The woman’s name turned out to be Sarit, and the next day Daniel insisted that they go to the funeral. He said that they needed closure, and that, as far as he was concerned, it was either a funeral or couples therapy. Romi had no desire to go to the funeral, but therapy sounded even worse, like a cross between mud wrestling and divorce court. Daniel typed the cemetery’s address into Waze, and they hardly spoke the whole way there. When they arrived, he insisted on buying flowers from some religious guy who was selling half-wilted bunches out of black buckets. There were maybe ten other people there, and the only one she recognized was the cleaner from the lobby, who hurried over and said that it was totally unacceptable that she’d left before the police got there yesterday. Instead of standing by her and telling the cleaner to leave her alone, Daniel nodded and said, “You’re right, you’re right,” and the cleaner walked away and came back a minute later with an elderly couple whose eyes were puffy. “You see?” he said, gesturing at Romi. “This is the neighbor I told you about, who saw your daughter fall.” The elderly man nodded and held out his hand, and, even though Romi and Daniel were very strict about social distancing, they both shook his hand. “I’m Isaac,” he said, “and this is Shoshana.” After a moment, perhaps because no one else said anything, he added, “We’re Sarit’s parents,” and, as soon as he said that, Shoshana started crying. “When she fell,” Isaac asked Romi, “could you see her? Her face?” Romi didn’t answer. She didn’t know what to say, and she hoped that, if she waited long enough, Daniel would say something to get her out of it. But Daniel was quiet, and they all stood in silence, except for the mother, who kept weeping.

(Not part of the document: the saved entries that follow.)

lemma emeasure_qerr_gt_le:
  assumes D: "D \<in> space (sample m)" and c: "c > 0"
  shows "emeasure PX {x \<in> space PX. c < qerr m D x} \<le> cond_quantile_risk m D * ennreal (1 / c powr k)"
proof -
  note [measurable] = qerr_section_measurable[OF D]
  have "emeasure PX {x \<in> space PX. c < qerr m D x} = (\<integral>\<^sup>+x. indicator {x \<in> space PX. c < qerr m D x} x \<partial>PX)"
    by (rule nn_integral_indicator[symmetric]) measurable
  also have "\<dots> \<le> (\<integral>\<^sup>+x. ennreal (qerr m D x powr k) * ennreal (1 / c powr k) \<partial>PX)"
  proof (rule nn_integral_mono)
    fix x assume x: "x \<in> space PX"
    have "c < qerr m D x \<Longrightarrow> 1 \<le> qerr m D x powr k * (1 / c powr k)"
      using c k by (simp add: field_simps powr_mono2)
    then show "indicator {x \<in> space PX. c < qerr m D x} x \<le> ennreal (qerr m D x powr k) * ennreal (1 / c powr k)"
      using x by (auto simp: indicator_def ennreal_mult[symmetric] intro!: ennreal_leI)
  qed
  also have "\<dots> = cond_quantile_risk m D * ennreal (1 / c powr k)"
    unfolding cond_quantile_risk_def by (rule nn_integral_multc) measurable
  finally show ?thesis .
qed

lemma werr_calib_measurable[measurable]:
  "i < n \<Longrightarrow> (\<lambda>u. werr m (fst u, snd u i)) \<in> borel_measurable (sample m \<Otimes>\<^sub>M sample n)"
  by measurable

definition calib_werr_sum where
  "calib_werr_sum m n u = (\<Sum>i<n. ennreal (werr m (fst u, snd u i)))"

lemma calib_werr_sum_measurable[measurable]: "calib_werr_sum m n \<in> borel_measurable (sample m \<Otimes>\<^sub>M sample n)"
  unfolding calib_werr_sum_def[abs_def] by measurable

lemma nn_integral_calib_werr_sum:
  "(\<integral>\<^sup>+u. calib_werr_sum m n u \<partial>(sample m \<Otimes>\<^sub>M sample n)) = of_nat n * weight_risk m"
proof -
  interpret Mn: prob_space "sample n" by (rule prob_space_sample)
  have "(\<integral>\<^sup>+u. ennreal (werr m (fst u, snd u i)) \<partial>(sample m \<Otimes>\<^sub>M sample n)) = weight_risk m" if i: "i < n" for i
  proof -
    have "(\<integral>\<^sup>+u. ennreal (werr m (fst u, snd u i)) \<partial>(sample m \<Otimes>\<^sub>M sample n))
        = (\<integral>\<^sup>+D. \<integral>\<^sup>+Z. ennreal (werr m (fst (D, Z), snd (D, Z) i)) \<partial>sample n \<partial>sample m)"
      using i by (intro Mn.nn_integral_fst[symmetric]) measurable
    also have "\<dots> = (\<integral>\<^sup>+D. \<integral>\<^sup>+z. ennreal (werr m (D, z)) \<partial>Pb \<partial>sample m)"
    proof (rule nn_integral_cong)
      fix D assume "D \<in> space (sample m)"
      then show "(\<integral>\<^sup>+Z. ennreal (werr m (fst (D, Z), snd (D, Z) i)) \<partial>sample n) = (\<integral>\<^sup>+z. ennreal (werr m (D, z)) \<partial>Pb)"
        using nn_integral_PiM_component[OF prob_space_Pb i, of "\<lambda>z. ennreal (werr m (D, z))"]
          measurable_Pair2[OF werr_measurable] by simp
    qed
    also have "\<dots> = weight_risk m"
      unfolding weight_risk_def by (rule Pb.nn_integral_fst) measurable
    finally show ?thesis .
  qed
  then show ?thesis
    unfolding calib_werr_sum_def by (subst nn_integral_sum) auto
qed

definition calib_tail_sum where
  "calib_tail_sum n K Z = (\<Sum>i<n. ennreal (max (w (Z i) - K) 0))"

lemma calib_tail_sum_measurable[measurable]: "calib_tail_sum n K \<in> borel_measurable (sample n)"
  unfolding calib_tail_sum_def[abs_def] by measurable

lemma nn_integral_calib_tail_sum:
  assumes "0 \<le> K"
  shows "(\<integral>\<^sup>+Z. calib_tail_sum n K Z \<partial>sample n) = of_nat n * ennreal (\<integral>z. max (w z - K) 0 \<partial>Pb)"
proof -
  have "(\<integral>\<^sup>+Z. ennreal (max (w (Z i) - K) 0) \<partial>sample n) = ennreal (\<integral>z. max (w z - K) 0 \<partial>Pb)"
    if i: "i < n" for i
  proof -
    have "(\<integral>\<^sup>+Z. ennreal (max (w (Z i) - K) 0) \<partial>sample n) = (\<integral>\<^sup>+z. ennreal (max (w z - K) 0) \<partial>Pb)"
      by (rule nn_integral_PiM_component[OF prob_space_Pb i]) measurable
    also have "\<dots> = ennreal (\<integral>z. max (w z - K) 0 \<partial>Pb)"
      by (rule nn_integral_eq_integral)
        (auto intro!: Bochner_Integration.integrable_bound[OF integrable_w] simp: w_nonneg assms)
    finally show ?thesis .
  qed
  then show ?thesis
    unfolding calib_tail_sum_def by (subst nn_integral_sum) auto
qed

definition negative_weight_prob where
  "negative_weight_prob m u = emeasure (Pstar (snd u)) {y. w_hat m (fst u) (snd u) y < 0}"

lemma negative_weight_prob_measurable[measurable]:
  "negative_weight_prob m \<in> borel_measurable (sample m \<Otimes>\<^sub>M PX)"
proof -
  have proj: "(\<lambda>v. (fst (fst v), (snd (fst v), snd v))) \<in> (sample m \<Otimes>\<^sub>M PX) \<Otimes>\<^sub>M borel \<rightarrow>\<^sub>M sample m \<Otimes>\<^sub>M Pb"
    by measurable
  have wm: "(\<lambda>v. w_hat m (fst (fst v)) (snd (fst v)) (snd v)) \<in> borel_measurable ((sample m \<Otimes>\<^sub>M PX) \<Otimes>\<^sub>M borel)"
    using measurable_compose[OF proj w_hat_measurable] by (simp add: comp_def)
  have "(SIGMA u:space (sample m \<Otimes>\<^sub>M PX). {y. w_hat m (fst u) (snd u) y < 0})
      = {v \<in> space ((sample m \<Otimes>\<^sub>M PX) \<Otimes>\<^sub>M borel). w_hat m (fst (fst v)) (snd (fst v)) (snd v) < 0}"
    by (auto simp: space_pair_measure)
  also have "\<dots> \<in> sets ((sample m \<Otimes>\<^sub>M PX) \<Otimes>\<^sub>M borel)"
    using wm by measurable
  finally show ?thesis
    unfolding negative_weight_prob_def[abs_def]
    by (rule emeasure_measurable_subprob_algebra2) (rule measurable_prob_algebraD, measurable)
qed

That night, Daniel fell asleep instantly and started snoring. Romi lay awake in bed for almost an hour, and then she got up, rolled a joint, and went out onto the balcony. A friend of Daniel’s had sold them the pot; it smelled like cookies and was really potent. Romi looked down over the railing and tried to find the spot where the Sarit woman had hit the ground. At the funeral, the cleaner had talked about how the gray sidewalk had been covered with blood, but now, from seven floors up, everything looked clean and fresh, and a young couple were standing there making out.

When Romi had told Daniel that she was angry at the woman for deciding to kill herself right as she was walking up, Daniel said that she was self-centered and it was time for her to grasp that not everything in the world had to do with her. But now, as she watched the couple practically fucking on the neatly trimmed hedge in front of her building, she couldn’t help thinking that it definitely did have something to do with her. And that maybe Sarit had once believed that the new smell coming from the walls and the gleaming white marble in the lobby would restart her life, and then, when she’d looked out and seen Romi coming back from the coffee shop in her sweats, she’d had the impression, from that high-up vantage point, that Romi was happy and living in a perfect marriage, that she and Daniel were as close as the two paper cups in her coffee carrier. And maybe Sarit couldn’t take it anymore, so she’d jumped out the window in order to ruin everything for Romi. Just as Romi was dying to plummet onto those moaning lovers and knock the lust out of them.